__Exercise requirements__
Write out every line below that includes the word "field".

__Record excerpts__

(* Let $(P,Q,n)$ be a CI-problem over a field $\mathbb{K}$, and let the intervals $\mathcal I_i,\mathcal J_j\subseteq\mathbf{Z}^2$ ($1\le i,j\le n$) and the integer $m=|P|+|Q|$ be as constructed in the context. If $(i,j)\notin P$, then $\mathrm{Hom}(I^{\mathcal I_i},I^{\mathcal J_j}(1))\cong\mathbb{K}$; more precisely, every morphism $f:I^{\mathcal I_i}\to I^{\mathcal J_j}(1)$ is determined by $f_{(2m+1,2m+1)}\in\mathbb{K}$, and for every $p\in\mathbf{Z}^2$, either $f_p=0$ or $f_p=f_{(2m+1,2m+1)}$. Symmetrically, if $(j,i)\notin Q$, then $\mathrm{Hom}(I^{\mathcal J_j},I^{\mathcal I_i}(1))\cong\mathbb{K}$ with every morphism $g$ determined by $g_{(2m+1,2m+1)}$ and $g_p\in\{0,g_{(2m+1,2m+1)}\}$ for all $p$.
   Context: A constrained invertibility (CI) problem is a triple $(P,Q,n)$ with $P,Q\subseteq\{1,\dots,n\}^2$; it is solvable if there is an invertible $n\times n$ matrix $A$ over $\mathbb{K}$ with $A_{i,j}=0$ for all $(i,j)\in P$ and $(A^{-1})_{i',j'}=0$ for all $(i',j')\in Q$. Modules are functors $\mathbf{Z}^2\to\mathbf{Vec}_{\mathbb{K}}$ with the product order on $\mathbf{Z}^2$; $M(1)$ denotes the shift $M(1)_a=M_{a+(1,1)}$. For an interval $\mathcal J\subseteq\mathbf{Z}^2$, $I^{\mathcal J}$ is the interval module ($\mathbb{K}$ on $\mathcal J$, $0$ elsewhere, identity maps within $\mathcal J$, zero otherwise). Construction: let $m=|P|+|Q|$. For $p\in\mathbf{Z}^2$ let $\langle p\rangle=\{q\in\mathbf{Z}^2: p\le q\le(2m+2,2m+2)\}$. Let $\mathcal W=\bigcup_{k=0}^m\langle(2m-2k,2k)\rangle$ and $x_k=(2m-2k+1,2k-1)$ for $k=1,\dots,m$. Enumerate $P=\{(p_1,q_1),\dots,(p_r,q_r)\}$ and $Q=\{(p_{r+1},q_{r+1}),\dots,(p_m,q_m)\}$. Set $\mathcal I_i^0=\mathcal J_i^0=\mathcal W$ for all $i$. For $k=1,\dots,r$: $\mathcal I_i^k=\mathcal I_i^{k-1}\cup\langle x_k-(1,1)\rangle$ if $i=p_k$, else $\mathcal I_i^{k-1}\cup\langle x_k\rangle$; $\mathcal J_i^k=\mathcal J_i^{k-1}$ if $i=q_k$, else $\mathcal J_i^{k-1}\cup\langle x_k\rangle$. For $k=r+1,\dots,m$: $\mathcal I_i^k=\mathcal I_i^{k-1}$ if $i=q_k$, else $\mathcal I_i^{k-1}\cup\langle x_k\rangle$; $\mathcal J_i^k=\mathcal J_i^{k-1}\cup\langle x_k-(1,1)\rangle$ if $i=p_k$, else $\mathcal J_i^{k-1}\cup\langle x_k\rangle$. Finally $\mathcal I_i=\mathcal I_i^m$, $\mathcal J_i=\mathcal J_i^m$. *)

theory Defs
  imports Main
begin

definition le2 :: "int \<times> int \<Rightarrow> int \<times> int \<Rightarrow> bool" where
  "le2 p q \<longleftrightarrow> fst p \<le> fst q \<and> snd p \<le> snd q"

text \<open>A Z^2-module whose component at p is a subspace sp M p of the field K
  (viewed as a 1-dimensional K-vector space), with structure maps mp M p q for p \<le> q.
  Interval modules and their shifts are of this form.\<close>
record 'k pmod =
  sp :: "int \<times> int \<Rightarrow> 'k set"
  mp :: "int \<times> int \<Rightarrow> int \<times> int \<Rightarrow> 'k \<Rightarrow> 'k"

__Answer for this exercise__
(* Let $(P,Q,n)$ be a CI-problem over a field $\mathbb{K}$, and let the intervals $\mathcal I_i,\mathcal J_j\subseteq\mathbf{Z}^2$ ($1\le i,j\le n$) and the integer $m=|P|+|Q|$ be as constructed in the context. If $(i,j)\notin P$, then $\mathrm{Hom}(I^{\mathcal I_i},I^{\mathcal J_j}(1))\cong\mathbb{K}$; more precisely, every morphism $f:I^{\mathcal I_i}\to I^{\mathcal J_j}(1)$ is determined by $f_{(2m+1,2m+1)}\in\mathbb{K}$, and for every $p\in\mathbf{Z}^2$, either $f_p=0$ or $f_p=f_{(2m+1,2m+1)}$. Symmetrically, if $(j,i)\notin Q$, then $\mathrm{Hom}(I^{\mathcal J_j},I^{\mathcal I_i}(1))\cong\mathbb{K}$ with every morphism $g$ determined by $g_{(2m+1,2m+1)}$ and $g_p\in\{0,g_{(2m+1,2m+1)}\}$ for all $p$.
text \<open>A Z^2-module whose component at p is a subspace sp M p of the field K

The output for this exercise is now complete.